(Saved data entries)
----------

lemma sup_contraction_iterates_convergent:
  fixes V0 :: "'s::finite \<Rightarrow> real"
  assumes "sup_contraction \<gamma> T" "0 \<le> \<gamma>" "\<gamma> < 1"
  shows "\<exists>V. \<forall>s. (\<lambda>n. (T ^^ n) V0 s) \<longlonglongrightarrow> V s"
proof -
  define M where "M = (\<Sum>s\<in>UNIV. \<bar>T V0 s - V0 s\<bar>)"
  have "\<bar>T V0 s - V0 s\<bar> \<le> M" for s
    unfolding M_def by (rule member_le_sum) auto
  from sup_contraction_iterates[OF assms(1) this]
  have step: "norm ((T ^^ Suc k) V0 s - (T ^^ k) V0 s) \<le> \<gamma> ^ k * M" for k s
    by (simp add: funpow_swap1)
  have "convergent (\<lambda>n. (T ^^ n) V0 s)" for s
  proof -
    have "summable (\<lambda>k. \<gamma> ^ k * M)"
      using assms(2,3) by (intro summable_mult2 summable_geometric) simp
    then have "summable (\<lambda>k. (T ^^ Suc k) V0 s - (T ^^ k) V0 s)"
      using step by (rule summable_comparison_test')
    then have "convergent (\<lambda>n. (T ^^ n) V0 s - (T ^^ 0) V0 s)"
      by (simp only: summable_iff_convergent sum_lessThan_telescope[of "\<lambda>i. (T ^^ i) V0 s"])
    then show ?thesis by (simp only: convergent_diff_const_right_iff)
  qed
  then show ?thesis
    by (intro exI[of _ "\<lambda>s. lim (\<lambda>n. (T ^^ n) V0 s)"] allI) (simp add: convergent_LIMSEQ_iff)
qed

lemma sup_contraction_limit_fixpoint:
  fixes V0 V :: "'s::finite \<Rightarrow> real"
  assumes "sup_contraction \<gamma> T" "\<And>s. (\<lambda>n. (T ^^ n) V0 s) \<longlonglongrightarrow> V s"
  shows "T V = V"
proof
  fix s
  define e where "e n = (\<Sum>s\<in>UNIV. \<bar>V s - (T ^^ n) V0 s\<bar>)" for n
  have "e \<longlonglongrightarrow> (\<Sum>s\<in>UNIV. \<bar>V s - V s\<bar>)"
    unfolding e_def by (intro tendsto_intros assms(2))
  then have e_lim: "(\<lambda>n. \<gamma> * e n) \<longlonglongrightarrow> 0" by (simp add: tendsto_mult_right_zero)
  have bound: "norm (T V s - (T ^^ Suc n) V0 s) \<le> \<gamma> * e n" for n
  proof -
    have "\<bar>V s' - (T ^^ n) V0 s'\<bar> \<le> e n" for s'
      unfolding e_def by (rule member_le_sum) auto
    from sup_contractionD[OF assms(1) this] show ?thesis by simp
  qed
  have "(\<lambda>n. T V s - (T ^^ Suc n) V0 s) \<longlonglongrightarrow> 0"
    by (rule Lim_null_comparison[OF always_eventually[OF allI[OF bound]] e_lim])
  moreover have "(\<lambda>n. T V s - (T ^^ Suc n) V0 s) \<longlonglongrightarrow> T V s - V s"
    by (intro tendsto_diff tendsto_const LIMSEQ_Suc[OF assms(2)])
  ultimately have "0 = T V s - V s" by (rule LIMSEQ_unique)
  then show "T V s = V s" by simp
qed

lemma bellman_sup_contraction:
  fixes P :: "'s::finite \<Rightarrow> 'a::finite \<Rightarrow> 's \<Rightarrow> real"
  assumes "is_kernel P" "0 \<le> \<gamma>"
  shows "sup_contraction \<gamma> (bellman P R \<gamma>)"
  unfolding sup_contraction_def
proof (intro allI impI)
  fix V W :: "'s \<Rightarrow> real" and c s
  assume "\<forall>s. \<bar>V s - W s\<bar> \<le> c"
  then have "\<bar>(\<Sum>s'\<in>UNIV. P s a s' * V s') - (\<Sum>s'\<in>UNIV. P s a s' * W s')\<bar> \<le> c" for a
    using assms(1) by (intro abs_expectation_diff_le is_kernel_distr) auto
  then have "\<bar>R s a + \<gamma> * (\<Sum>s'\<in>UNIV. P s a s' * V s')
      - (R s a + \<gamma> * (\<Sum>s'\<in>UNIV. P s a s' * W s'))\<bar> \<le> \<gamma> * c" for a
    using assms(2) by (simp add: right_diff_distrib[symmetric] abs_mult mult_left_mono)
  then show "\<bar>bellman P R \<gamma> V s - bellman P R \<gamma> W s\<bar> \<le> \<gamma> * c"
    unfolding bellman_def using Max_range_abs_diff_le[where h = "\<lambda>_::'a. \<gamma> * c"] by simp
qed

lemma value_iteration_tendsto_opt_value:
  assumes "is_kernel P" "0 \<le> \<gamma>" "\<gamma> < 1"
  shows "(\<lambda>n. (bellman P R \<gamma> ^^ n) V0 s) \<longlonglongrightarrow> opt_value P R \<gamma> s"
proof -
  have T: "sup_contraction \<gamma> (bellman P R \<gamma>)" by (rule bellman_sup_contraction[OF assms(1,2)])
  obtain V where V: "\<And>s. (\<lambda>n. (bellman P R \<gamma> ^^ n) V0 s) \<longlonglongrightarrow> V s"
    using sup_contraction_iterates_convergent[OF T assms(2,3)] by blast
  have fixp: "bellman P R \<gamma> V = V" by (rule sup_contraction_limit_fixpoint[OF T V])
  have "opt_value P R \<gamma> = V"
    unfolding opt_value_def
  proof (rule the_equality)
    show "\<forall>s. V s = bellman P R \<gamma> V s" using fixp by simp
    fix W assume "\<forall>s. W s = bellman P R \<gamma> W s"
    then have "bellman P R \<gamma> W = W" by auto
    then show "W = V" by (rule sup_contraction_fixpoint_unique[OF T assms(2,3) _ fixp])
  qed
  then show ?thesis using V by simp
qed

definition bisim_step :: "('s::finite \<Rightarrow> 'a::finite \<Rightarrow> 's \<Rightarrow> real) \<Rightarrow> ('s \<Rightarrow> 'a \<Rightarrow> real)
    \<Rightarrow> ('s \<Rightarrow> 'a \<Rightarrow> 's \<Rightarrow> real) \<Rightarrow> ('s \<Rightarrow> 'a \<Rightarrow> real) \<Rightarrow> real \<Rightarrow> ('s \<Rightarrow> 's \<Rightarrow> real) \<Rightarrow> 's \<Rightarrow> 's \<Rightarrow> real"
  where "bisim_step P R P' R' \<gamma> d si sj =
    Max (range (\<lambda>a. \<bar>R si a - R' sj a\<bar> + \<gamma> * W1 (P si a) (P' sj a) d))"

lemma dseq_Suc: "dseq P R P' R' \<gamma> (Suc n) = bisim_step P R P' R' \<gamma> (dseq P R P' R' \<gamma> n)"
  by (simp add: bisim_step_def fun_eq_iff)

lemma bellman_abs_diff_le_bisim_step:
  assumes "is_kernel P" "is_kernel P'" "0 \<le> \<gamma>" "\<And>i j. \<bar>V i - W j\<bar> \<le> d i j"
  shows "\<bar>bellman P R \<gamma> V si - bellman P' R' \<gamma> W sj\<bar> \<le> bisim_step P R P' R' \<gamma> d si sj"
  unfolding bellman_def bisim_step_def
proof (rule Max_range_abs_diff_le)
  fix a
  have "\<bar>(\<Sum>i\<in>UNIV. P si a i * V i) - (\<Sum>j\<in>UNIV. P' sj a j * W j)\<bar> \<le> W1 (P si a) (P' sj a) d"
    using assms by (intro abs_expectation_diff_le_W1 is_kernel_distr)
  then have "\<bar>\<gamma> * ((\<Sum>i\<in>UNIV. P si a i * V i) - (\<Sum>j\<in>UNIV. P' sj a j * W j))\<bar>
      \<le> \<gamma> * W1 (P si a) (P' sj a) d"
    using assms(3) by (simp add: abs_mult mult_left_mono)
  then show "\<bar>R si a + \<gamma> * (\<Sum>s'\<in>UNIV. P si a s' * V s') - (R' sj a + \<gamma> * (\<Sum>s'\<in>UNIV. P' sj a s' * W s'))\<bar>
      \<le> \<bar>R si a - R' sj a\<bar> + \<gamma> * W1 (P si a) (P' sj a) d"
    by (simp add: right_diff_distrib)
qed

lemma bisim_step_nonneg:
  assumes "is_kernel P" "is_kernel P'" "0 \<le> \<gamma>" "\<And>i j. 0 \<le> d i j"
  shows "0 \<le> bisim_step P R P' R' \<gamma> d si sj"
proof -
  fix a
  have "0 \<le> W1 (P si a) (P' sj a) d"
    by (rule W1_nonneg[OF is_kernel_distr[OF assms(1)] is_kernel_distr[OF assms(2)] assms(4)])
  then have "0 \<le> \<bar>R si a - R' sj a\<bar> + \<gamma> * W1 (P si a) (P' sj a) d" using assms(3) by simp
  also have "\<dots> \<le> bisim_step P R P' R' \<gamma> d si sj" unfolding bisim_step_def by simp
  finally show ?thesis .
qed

----------

WHAT YOU SHOULD DO
Output each line exactly, from the first line of the data down to the line that contains "define M where", both included.

ANSWER
lemma sup_contraction_iterates_convergent:
  fixes V0 :: "'s::finite \<Rightarrow> real"
  assumes "sup_contraction \<gamma> T" "0 \<le> \<gamma>" "\<gamma> < 1"
  shows "\<exists>V. \<forall>s. (\<lambda>n. (T ^^ n) V0 s) \<longlonglongrightarrow> V s"
proof -
  define M where "M = (\<Sum>s\<in>UNIV. \<bar>T V0 s - V0 s\<bar>)"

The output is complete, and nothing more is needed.